Where ideas can hang out and do whatever
Aired during the dot-com bubble’s IPO mania, the episode’s conceit is that Sniper has bought a controlling interest of Mr. Show with his tech fortune. Invading a sketch already in progress, Sniper rides a banana-seated recumbent(ish) bicycle on stage and demands the actors take a break for tofu-based ice cream. Because who doesn’t like breaks? And who doesn’t love tofu-based dessert products? And well, gosh, it’s not like you were doing anything important before I butted in and gave you all such a Nice Thing ™
It is a pitch-perfect portrayal of the hubris, naivité, tone-deafness, and political correctness of mid-90’s dot-com culture.
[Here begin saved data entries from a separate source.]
(* Let $k$ be a field of characteristic $p>0$ and $A$ an infinite-dimensional $k$-vector space. For every $r\ge0$, $S_{\le r}A\neq\bigoplus_{0\le i\le r}S^iA$.
   Context: $SA=\bigoplus_{m\ge0}S^mA$ is the symmetric algebra of $A$ ($S^0A=k$, $S^mA$ the $m$-th symmetric power, with pure symmetric tensors $a_1\otimes_s\dots\otimes_s a_m$). The linear map $\partial\colon SA\to SA\otimes A$ is given by $\partial(\lambda)=0$ for $\lambda\in S^0A$ and $\partial(a_1\otimes_s\dots\otimes_s a_m)=\sum_{i=1}^m(a_1\otimes_s\dots\otimes_s a_{i-1}\otimes_s a_{i+1}\otimes_s\dots\otimes_s a_m)\otimes a_i$. Iterates: $\partial^0=1_{SA}$ and $\partial^{r+1}:=\partial;(\partial^r\otimes 1_A)\colon SA\to SA\otimes A^{\otimes(r+1)}$. Define $S_{\le r}A:=\ker(\partial^{r+1})\subseteq SA$. *)

theory Defs
  imports Main "HOL-Library.Poly_Mapping"
begin

(* Coordinate model: A = span of a basis indexed by the type 'b, i.e. A = ('b \<Rightarrow>\<^sub>0 'k).
   Monomials ('b \<Rightarrow>\<^sub>0 nat) form a basis of SA, so SA = (('b \<Rightarrow>\<^sub>0 nat) \<Rightarrow>\<^sub>0 'k).
   SA \<otimes> A^{\<otimes> n} has basis (monomial, list of n basis indices), so we use
   ((('b \<Rightarrow>\<^sub>0 nat) \<times> 'b list) \<Rightarrow>\<^sub>0 'k). *)

type_synonym ('b, 'k) symalg = "('b \<Rightarrow>\<^sub>0 nat) \<Rightarrow>\<^sub>0 'k"
type_synonym ('b, 'k) symtens = "(('b \<Rightarrow>\<^sub>0 nat) \<times> 'b list) \<Rightarrow>\<^sub>0 'k"

definition mdeg :: "('b \<Rightarrow>\<^sub>0 nat) \<Rightarrow> nat" where
  "mdeg M = (\<Sum>b\<in>Poly_Mapping.keys M. Poly_Mapping.lookup M b)"

definition Spow :: "nat \<Rightarrow> ('b, 'k::zero) symalg set" where
  "Spow m = {f. \<forall>M\<in>Poly_Mapping.keys f. mdeg M = m}"

definition Sdsum :: "nat \<Rightarrow> ('b, 'k::comm_monoid_add) symalg set" where
  "Sdsum r = {(\<Sum>i\<le>r. g i) | g. \<forall>i\<le>r. g i \<in> Spow i}"

definition tens_right :: "'b \<Rightarrow> ('b, 'k::comm_monoid_add) symtens \<Rightarrow> ('b, 'k) symtens" where
  "tens_right b g = (\<Sum>p\<in>Poly_Mapping.keys g. Poly_Mapping.single (fst p, snd p @ [b]) (Poly_Mapping.lookup g p))"

definition scal :: "'k::semiring_0 \<Rightarrow> ('a \<Rightarrow>\<^sub>0 'k) \<Rightarrow> ('a \<Rightarrow>\<^sub>0 'k)" where
  "scal c g = Poly_Mapping.map (\<lambda>x. c * x) g"

(* \<partial>^n on a monomial x^M; \<partial>^{n+1} = \<partial>;(\<partial>^n \<otimes> 1), and
   \<partial>(x^M) = \<Sum>_b M(b) x^{M - e_b} \<otimes> b  (the paper's formula, grouping equal factors) *)
fun dmono :: "nat \<Rightarrow> ('b \<Rightarrow>\<^sub>0 nat) \<Rightarrow> ('b, 'k::comm_semiring_1) symtens" where
  "dmono 0 M = Poly_Mapping.single (M, []) 1"
| "dmono (Suc n) M =
     (\<Sum>b\<in>Poly_Mapping.keys M. scal (of_nat (Poly_Mapping.lookup M b)) (tens_right b (dmono n (M - Poly_Mapping.single b 1))))"

definition dpow :: "nat \<Rightarrow> ('b, 'k::comm_semiring_1) symalg \<Rightarrow> ('b, 'k) symtens" where
  "dpow n f = (\<Sum>M\<in>Poly_Mapping.keys f. scal (Poly_Mapping.lookup f M) (dmono n M))"

definition S_le :: "nat \<Rightarrow> ('b, 'k::comm_semiring_1) symalg set" where
  "S_le r = {f. dpow (Suc r) f = 0}"

end

theory Submission
  imports Defs
begin

text \<open>In characteristic \<open>p\<close>, the derivation \<open>\<partial>\<close> sends the \<open>m\<close>-th power of a basis vector \<open>a\<close>
  to \<open>m\<close> times \<open>a\<^sup>m\<^sup>-\<^sup>1 \<otimes> a\<close>, which vanishes as soon as \<open>p\<close> divides \<open>m\<close>. Hence the power of
  exponent \<open>p(r+1)\<close> lies in \<open>ker \<partial> \<subseteq> S\<^sub>\<le>\<^sub>r A\<close>, although its degree exceeds \<open>r\<close>.
  Only one basis vector is needed.\<close>

lemma scal_0_left [simp]: "scal (0::'k::semiring_0) g = 0"
  unfolding scal_def by transfer auto

lemma scal_0_right [simp]: "scal c 0 = 0"
  unfolding scal_def by transfer auto

lemma mdeg_single [simp]: "mdeg (Poly_Mapping.single b m) = m"
  by (cases "m = 0") (simp_all add: mdeg_def)

lemma dpow_single: "dpow n (Poly_Mapping.single M c) = scal c (dmono n M)"
  by (cases "c = 0") (simp_all add: dpow_def)

lemma dmono_Suc_single_eq_0:
  assumes "(of_nat m :: 'k::comm_semiring_1) = 0"
  shows "(dmono (Suc n) (Poly_Mapping.single b m) :: ('b, 'k) symtens) = 0"
proof (cases "m = 0")
  case False
  then have "(dmono (Suc n) (Poly_Mapping.single b m) :: ('b, 'k) symtens)
      = scal (of_nat m) (tens_right b (dmono n (Poly_Mapping.single b m - Poly_Mapping.single b 1)))"
    by simp
  then show ?thesis
    using assms by simp
qed simp

lemma single_power_in_S_le:
  assumes "(of_nat m :: 'k::comm_semiring_1) = 0"
  shows "(Poly_Mapping.single (Poly_Mapping.single b m) c :: ('b, 'k) symalg) \<in> S_le n"
  unfolding S_le_def by (simp add: dpow_single dmono_Suc_single_eq_0 [OF assms] del: dmono.simps)

lemma lookup_Spow_eq_0:
  assumes "f \<in> Spow i" and "mdeg M \<noteq> i"
  shows "Poly_Mapping.lookup f M = 0"
  using assms by (auto simp: Spow_def in_keys_iff)

lemma lookup_Sdsum_eq_0:
  assumes "f \<in> Sdsum r" and "r < mdeg M"
  shows "Poly_Mapping.lookup f M = 0"
proof -
  obtain g where f: "f = (\<Sum>i\<le>r. g i)" and g: "\<forall>i\<le>r. g i \<in> Spow i"
    using assms(1) unfolding Sdsum_def by blast
  have "Poly_Mapping.lookup f M = (\<Sum>i\<le>r. Poly_Mapping.lookup (g i) M)"
    unfolding f by (simp add: lookup_sum)
  also have "\<dots> = 0"
    using g assms(2) by (intro sum.neutral) (auto intro: lookup_Spow_eq_0)
  finally show ?thesis .
qed

theorem proposition7p9:
  fixes r :: nat
  assumes "CHAR('k::field) > 0"
    and "infinite (UNIV :: 'b set)"
  shows "(S_le r :: ('b, 'k) symalg set) \<noteq> Sdsum r"
proof
  assume eq: "(S_le r :: ('b, 'k) symalg set) = Sdsum r"
  define m where "m = CHAR('k) * Suc r"
  define f :: "('b, 'k) symalg" where "f = Poly_Mapping.single (Poly_Mapping.single undefined m) 1"
  have "(of_nat m :: 'k) = 0"
    by (simp add: m_def of_nat_CHAR)
  then have "f \<in> Sdsum r"
    unfolding f_def eq [symmetric] by (rule single_power_in_S_le)
  moreover have "r < m"
    using assms(1) unfolding m_def by (metis lessI less_le_trans mult_1 mult_le_mono1 Suc_leI One_nat_def)
  ultimately have "Poly_Mapping.lookup f (Poly_Mapping.single undefined m) = 0"
    by (intro lookup_Sdsum_eq_0) simp_all
  then show False
    by (simp add: f_def)
qed

end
At the time, Sniper and folks like him didn’t register as being the shape of
things to come. Coming from the Roosevelt-to-Reagan segment of history that had
brought down National Socialism and the Berlin Wall by virtue of grits, guts,
and intelligence, we assumed big things would be done by big-brained, grown-ass
men people. We assumed that man-children bringing man-children ethics and
behavior into the most powerful offices would only ever be a cultural
aberration.
But it would be hard to regard it so today:
On Saturday night, sitting president of the United States of America Donald Trump shared an extraordinarily bizarre AI-generated video of himself piloting a fighter jet labelled “KING TRUMP” while strafing droves of peaceful protestors with multiple barrages of — we swear we are not making this up — liquid diarrhea.
Is there any doubt that in our modern era, Greg would be pushing AI (“But what could go wrong? Don’t be a doomer! Tofutti break!”). Sarah Wynn-Williams, in her memoir Careless People, recognized Zuckerberg and his lieutenants as Snipers: the same hubris, the same tone-deafness, the same breezy certainty that their Nice Things™ were wanted (Metaverse anyone? No? 🦗 🦗 🦗 No? No). She borrowed her title from Fitzgerald:
They were careless people, Tom and Daisy—they smashed up things and creatures and then retreated back into their money or their vast carelessness, or whatever it was that kept them together, and let other people clean up the mess they had made.